Oolite: Elite-like game. For Mac, Linux and Windows
I sure the hell am glad that patenting software wasn't in vogue when Dr. Codd published relational theory. Or even for that matter file systems, GUI's, ASCII, keyboards, mice, you name it. Even command prompts.
Table-ized A.I.
I'll make a couple of quick comments:
First, claim 1 may be invalid under 35 U.S.C. 101 as claiming unpatentable subject matter. It has been my experience that a 35 U.S.C. 101 rejection will issue against a "software patent" where the claim is not directed to something that produces a "useful, tangible, and concrete" result (see, State Street Bank v. Signature). More often, this type of rejection will issue against a claim (not an application), where the claim is directed to purely mathematical operations with no tie-in to hardware to perform that operation. In reading claim 1, there appears to be no claimed hardware that performs the algorithm recited, and hence, I would argue that the claim is invalid. For a more thorough discussion of patentable subject-matter, please see Section 2106.1 of the Manual of Patent Examination and Procedure. However, without looking at the image file wrapper, I don't know what rejections were applied to this application to determine whether claim 1 was amended to overcome this specific rejection.
Now, that being said, if you are concerned about invalidating this patent (which I'll note issued in April 2006, almost one year ago), you should first find "prior art" before the earliest filing date of the application. In this case, that date appears to be September 26, 2002. I say "appears to be" because the application does not claim priority to an earlier filed foreign application or U.S. provisional application. Next, after gathering your pre-September 26, 2002, you should follow the re-examination procedures for submission. See Section 2200 of the MPEP. Keep in mind, that when a third-party submits prior art for a re-examination proceeding, the prior art should present a new question of patentability.
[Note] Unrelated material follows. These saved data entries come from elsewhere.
lemma bar_coords_Tminus:
  assumes "m \<in> Mset n k" "1 \<le> i" "i < n"
  shows "bar_coords n k (Tminus i m) = Tminus i (bar_coords n k m)"
proof -
  obtain c where m: "m = canon_comb n k c"
    using assms(1) by (auto simp: Mset_eq_range_canon_comb)
  define R where "R g = (SOME r. Tminus i (canon n k g) = canon_comb n k r \<and> (\<forall>h. barQ (r h) = r h))"
    for g
  have R: "Tminus i (canon n k g) = canon_comb n k (R g) \<and> (\<forall>h. barQ (R g h) = R g h)"
    if "g \<in> Eset n k" for g
    using Tminus_canon_bar_invariant[OF that assms(2,3)] unfolding R_def by (rule someI_ex)
  have Tminus_comb: "Tminus i (canon_comb n k a) = canon_comb n k (\<lambda>h. \<Sum>g\<in>Eset n k. a g * R g h)" for a
    unfolding canon_comb_def[of n k a] Tminus_sum by (rule canon_comb_sum) (simp_all add: R)
  have "bar_coords n k (Tminus i m) = canon_comb n k (\<lambda>h. \<Sum>g\<in>Eset n k. barQ (c g) * R g h)"
    unfolding m Tminus_comb bar_coords_canon_comb barQ_sum
    by (rule canon_comb_cong) (simp add: R)
  also have "\<dots> = Tminus i (bar_coords n k m)"
    unfolding m bar_coords_canon_comb Tminus_comb ..
  finally show ?thesis .
qed

lemma bar_coords_is_barM:
  assumes "k \<le> n"
  shows "is_barM n k (bar_coords n k)"
  unfolding is_barM_def
proof (intro conjI ballI allI)
  show "bar_coords n k m = bar_coords n k (restrM n k m)" for m
    by (simp add: bar_coords_restrM)
  show "bar_coords n k m \<in> Mset n k" for m
    by (simp add: bar_coords_def canon_comb_Mset)
  show "bar_coords n k (\<lambda>e. m1 e + m2 e) = (\<lambda>e. bar_coords n k m1 e + bar_coords n k m2 e)"
    if "m1 \<in> Mset n k" "m2 \<in> Mset n k" for m1 m2
    using bar_coords_add[OF that] .
  show "bar_coords n k (\<lambda>e. c * m e) = (\<lambda>e. barQ c * bar_coords n k m e)" if "m \<in> Mset n k" for c m
    using bar_coords_scale[OF that] .
  show "bar_coords n k (basis (one_seq k)) = basis (one_seq k)"
  proof -
    have one: "basis (one_seq k) = canon_comb n k (\<lambda>g. if g = one_seq k then 1 else 0)"
      using canon_comb_single[OF one_seq_Eset[OF assms], of 1] by (simp add: canon_one_seq)
    have "(\<lambda>g. barQ (if g = one_seq k then 1 else 0)) = (\<lambda>g. if g = one_seq k then 1 else 0)"
      by auto
    then show ?thesis
      unfolding one bar_coords_canon_comb by simp
  qed
  show "Tact i (bar_coords n k (Tact i m)) = bar_coords n k m" if "i \<in> {1..<n}" "m \<in> Mset n k" for i m
  proof -
    have i: "1 \<le> i" "i < n"
      using that(1) by simp_all
    have "Tact i m = (\<lambda>f. Tminus i m f + vv * m f)"
      by (simp add: Tminus_def)
    moreover have "Tminus i m \<in> Mset n k" "(\<lambda>f. vv * m f) \<in> Mset n k"
      using Tminus_Mset[OF that(2) i] that(2) by (simp_all add: Mset_def)
    ultimately have "bar_coords n k (Tact i m) =
        (\<lambda>f. bar_coords n k (Tminus i m) f + bar_coords n k (\<lambda>f. vv * m f) f)"
      by (simp add: bar_coords_add)
    also have "\<dots> = Tinv i (bar_coords n k m)"
      by (simp add: bar_coords_Tminus[OF that(2) i] bar_coords_scale[OF that(2)] Tinv_def)
    finally show ?thesis
      by (simp add: Tact_Tinv)
  qed
qed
After submission of the "prior art," that third-party is generally not allowed to make comments during the re-examination proceeding. Hence, if the USPTO finds that the "prior art" does not present a new question of patentability, you may have inadvertently made the patent "stronger" and less likely to be invalidated during litigation. Accordingly, you should consider whether infringing this patent may be better procedure, and thus filing a motion that the patent is, in fact, invalid.
This views represent my own and are in no way affiliated with any government organization or private entity.